lemma moment_Suc:
  assumes "s > 0"
  shows "moment (Suc k) s = (real k + 1 + \<alpha>) * moment k s + s ^ Suc k * jump s"
proof -
  have m: "-1 < real k + \<alpha>" using alpha_pos by simp
  have e: "real (Suc k) + \<alpha> = (real k + \<alpha>) + 1" by simp
  have "s powr (real k + \<alpha> + 1) = s ^ Suc k * s powr \<alpha>"
    using assms by (simp add: powr_add powr_realpow algebra_simps)
  hence "Gamma_tail (real k + \<alpha> + 1) s
           = s ^ Suc k * s powr \<alpha> * exp (- s) + (real k + \<alpha> + 1) * Gamma_tail (real k + \<alpha>) s"
    using Gamma_tail_plus1[OF m, of s] assms by simp
  moreover have "Gamma_tail (real k + \<alpha> + 1) 0 = (real k + \<alpha> + 1) * Gamma_tail (real k + \<alpha>) 0"
    using Gamma_tail_plus1[OF m, of 0] m by simp
  ultimately show ?thesis
    unfolding moment_eq_Gamma_tail e using assms by (simp add: jump_def algebra_simps)
qed

lemma has_real_derivative_moment:
  assumes "t > 0"
  shows "(moment k has_real_derivative - (jump t * t ^ k)) (at t)"
proof -
  have m: "-1 < real k + \<alpha>" using alpha_pos by simp
  have "((\<lambda>s. A * Gamma_tail (real k + \<alpha>) 0 + B * Gamma_tail (real k + \<alpha>) s) has_real_derivative
          B * - (t powr (real k + \<alpha>) * exp (- t))) (at t)"
    using has_real_derivative_Gamma_tail[OF m assms] by (auto intro!: derivative_eq_intros)
  hence "(moment k has_real_derivative B * - (t powr (real k + \<alpha>) * exp (- t))) (at t)"
    by (rule has_field_derivative_transform_within_open[where S = "{0<..}"])
       (use assms in \<open>auto simp: moment_eq_Gamma_tail\<close>)
  moreover have "t powr (real k + \<alpha>) = t ^ k * t powr \<alpha>"
    using assms by (simp add: powr_add powr_realpow)
  ultimately show ?thesis by (simp add: jump_def algebra_simps)
qed

lemma has_real_derivative_jump:
  assumes "t > 0"
  shows "(jump has_real_derivative (\<alpha> - t) * jump t / t) (at t)"
proof -
  have "(jump has_real_derivative B * (\<alpha> * t powr (\<alpha> - 1) * exp (- t) - t powr \<alpha> * exp (- t))) (at t)"
    unfolding jump_def using assms by (auto intro!: derivative_eq_intros simp: algebra_simps)
  moreover have "t powr (\<alpha> - 1) = t powr \<alpha> / t"
    using assms by (simp add: powr_diff)
  ultimately show ?thesis using assms by (simp add: jump_def field_simps)
qed

lemma set_integrable_poly_wgt: "set_integrable lborel {0..} (\<lambda>x. poly p x * wgt \<alpha> A B s x)"
proof -
  have "integrable lborel
          (\<lambda>x. \<Sum>i\<le>degree p. coeff p i * (indicator {0..} x *\<^sub>R (x ^ i * wgt \<alpha> A B s x)))"
    using set_integrable_monomial_wgt unfolding set_integrable_def
    by (intro Bochner_Integration.integrable_sum integrable_mult_right)
  hence "set_integrable lborel {0..} (\<lambda>x. \<Sum>i\<le>degree p. coeff p i * (x ^ i * wgt \<alpha> A B s x))"
    unfolding set_integrable_def
    by (simp only: real_scaleR_def sum_distrib_left mult_ac)
  thus ?thesis by (simp only: poly_altdef sum_distrib_right mult.assoc)
qed

lemma wint_0 [simp]: "wint s 0 = 0"
  by (simp add: wint_def)

lemma wint_add: "wint s (p + q) = wint s p + wint s q"
  unfolding wint_def by (simp add: distrib_right set_integrable_poly_wgt set_integral_add(2))

lemma wint_diff: "wint s (p - q) = wint s p - wint s q"
  unfolding wint_def by (simp add: left_diff_distrib set_integrable_poly_wgt set_integral_diff(2))

lemma wint_smult: "wint s (smult c p) = c * wint s p"
  unfolding wint_def by (simp add: mult.assoc)

lemma wint_sum: "wint s (\<Sum>i\<in>I. f i) = (\<Sum>i\<in>I. wint s (f i))"
  by (induction I rule: infinite_finite_induct) (simp_all add: wint_add)

lemma wint_monom: "wint s (monom c k) = c * moment k s"
  unfolding wint_def moment_def by (simp add: poly_monom mult.assoc)

lemma wint_mult_as_moments:
  assumes "degree p \<le> N" "degree q \<le> N"
  shows "wint s (p * q) = (\<Sum>k\<le>N. \<Sum>l\<le>N. coeff p k * coeff q l * moment (k + l) s)"
proof -
  have "p * q = (\<Sum>k\<le>N. monom (coeff p k) k) * (\<Sum>l\<le>N. monom (coeff q l) l)"
    using poly_as_sum_of_monoms'[OF assms(1)] poly_as_sum_of_monoms'[OF assms(2)] by simp
  also have "\<dots> = (\<Sum>k\<le>N. \<Sum>l\<le>N. monom (coeff p k * coeff q l) (k + l))"
    by (simp add: sum_product mult_monom)
  finally show ?thesis by (simp add: wint_sum wint_monom)
qed

lemma wint_square_pos:
  assumes "p \<noteq> 0"
  shows "wint s (p * p) > 0"
proof -
  define f where "f x = indicator {0..} x * (poly (p * p) x * wgt \<alpha> A B s x)" for x
  have pos: "f x > 0" if "max 0 s < x" "poly p x \<noteq> 0" for x
  proof -
    have "wgt \<alpha> A B s x > 0" using that A_nonneg B_pos
      by (auto simp: wgt_def heaviside_def intro!: mult_pos_pos add_nonneg_pos)
    moreover have "poly p x * poly p x > 0" using that(2) by (metis not_real_square_gt_zero)
    ultimately show ?thesis using that unfolding f_def by (simp add: indicator_def)
  qed
  have nonneg: "f x \<ge> 0" for x
    using A_nonneg B_pos
    by (auto simp: f_def indicator_def wgt_def heaviside_def intro!: mult_nonneg_nonneg)
  have int: "integrable lborel f"
    using set_integrable_poly_wgt[of "p * p" s] unfolding f_def set_integrable_def by simp
  have "\<not> (AE x in lborel. f x = 0)"
  proof
    assume "AE x in lborel. f x = 0"
    then obtain N where N: "{x \<in> space lborel. \<not> f x = 0} \<subseteq> N"
      "emeasure lborel N = 0" "N \<in> sets lborel"
      by (rule AE_E)
    define I where "I = {max 0 s<..max 0 s + 1}"
    have "I - {x. poly p x = 0} \<subseteq> N"
    proof
      fix x assume "x \<in> I - {x. poly p x = 0}"
      hence "f x > 0" using pos by (auto simp: I_def)
      thus "x \<in> N" using N(1) by auto
    qed
    moreover have "emeasure lborel (I - {x. poly p x = 0}) = 1"
      using emeasure_Diff_null_set[OF finite_imp_null_set_lborel[OF poly_roots_finite[OF assms]]]
      unfolding I_def by simp
    ultimately show False using emeasure_mono[of _ N lborel] N(2,3) by fastforce
  qed
  hence "integral\<^sup>L lborel f \<noteq> 0"
    using integral_nonneg_eq_0_iff_AE[OF int] nonneg by simp
  moreover have "integral\<^sup>L lborel f \<ge> 0" using nonneg by simp
  ultimately show ?thesis unfolding wint_def f_def set_lebesgue_integral_def by simp
qed

lemma wint_square_eq_0_iff: "wint s (p * p) = 0 \<longleftrightarrow> p = 0"
  using wint_square_pos[of p s] by (cases "p = 0") auto

section \<open>Orthogonal polynomials\<close>

function orth_poly :: "real \<Rightarrow> nat \<Rightarrow> real poly" where
  "orth_poly s 0 = 1"
| "orth_poly s (Suc n) = monom 1 (Suc n) -
     (\<Sum>j\<le>n. smult (wint s (monom 1 (Suc n) * orth_poly s j) / wint s (orth_poly s j * orth_poly s j))
                 (orth_poly s j))"
  by pat_completeness auto
termination by (relation "Wellfounded.measure snd") auto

= WHAT IS BEING ASKED =
Write out exactly each line of the entries, starting at the one containing "by (auto simp: f_def" and finishing with the last line.

= WRITTEN SOLUTION =
    by (auto simp: f_def indicator_def wgt_def heaviside_def intro!: mult_nonneg_nonneg)
  have int: "integrable lborel f"
    using set_integrable_poly_wgt[of "p * p" s] unfolding f_def set_integrable_def by simp
  have "\<not> (AE x in lborel. f x = 0)"
  proof
    assume "AE x in lborel. f x = 0"
    then obtain N where N: "{x \<in> space lborel. \<not> f x = 0} \<subseteq> N"
      "emeasure lborel N = 0" "N \<in> sets lborel"
      by (rule AE_E)
    define I where "I = {max 0 s<..max 0 s + 1}"
    have "I - {x. poly p x = 0} \<subseteq> N"
    proof
      fix x assume "x \<in> I - {x. poly p x = 0}"
      hence "f x > 0" using pos by (auto simp: I_def)
      thus "x \<in> N" using N(1) by auto
    qed
    moreover have "emeasure lborel (I - {x. poly p x = 0}) = 1"
      using emeasure_Diff_null_set[OF finite_imp_null_set_lborel[OF poly_roots_finite[OF assms]]]
      unfolding I_def by simp
    ultimately show False using emeasure_mono[of _ N lborel] N(2,3) by fastforce
  qed
  hence "integral\<^sup>L lborel f \<noteq> 0"
    using integral_nonneg_eq_0_iff_AE[OF int] nonneg by simp
  moreover have "integral\<^sup>L lborel f \<ge> 0" using nonneg by simp
  ultimately show ?thesis unfolding wint_def f_def set_lebesgue_integral_def by simp
qed

lemma wint_square_eq_0_iff: "wint s (p * p) = 0 \<longleftrightarrow> p = 0"
  using wint_square_pos[of p s] by (cases "p = 0") auto

section \<open>Orthogonal polynomials\<close>

function orth_poly :: "real \<Rightarrow> nat \<Rightarrow> real poly" where
  "orth_poly s 0 = 1"
| "orth_poly s (Suc n) = monom 1 (Suc n) -
     (\<Sum>j\<le>n. smult (wint s (monom 1 (Suc n) * orth_poly s j) / wint s (orth_poly s j * orth_poly s j))
                 (orth_poly s j))"
  by pat_completeness auto
termination by (relation "Wellfounded.measure snd") auto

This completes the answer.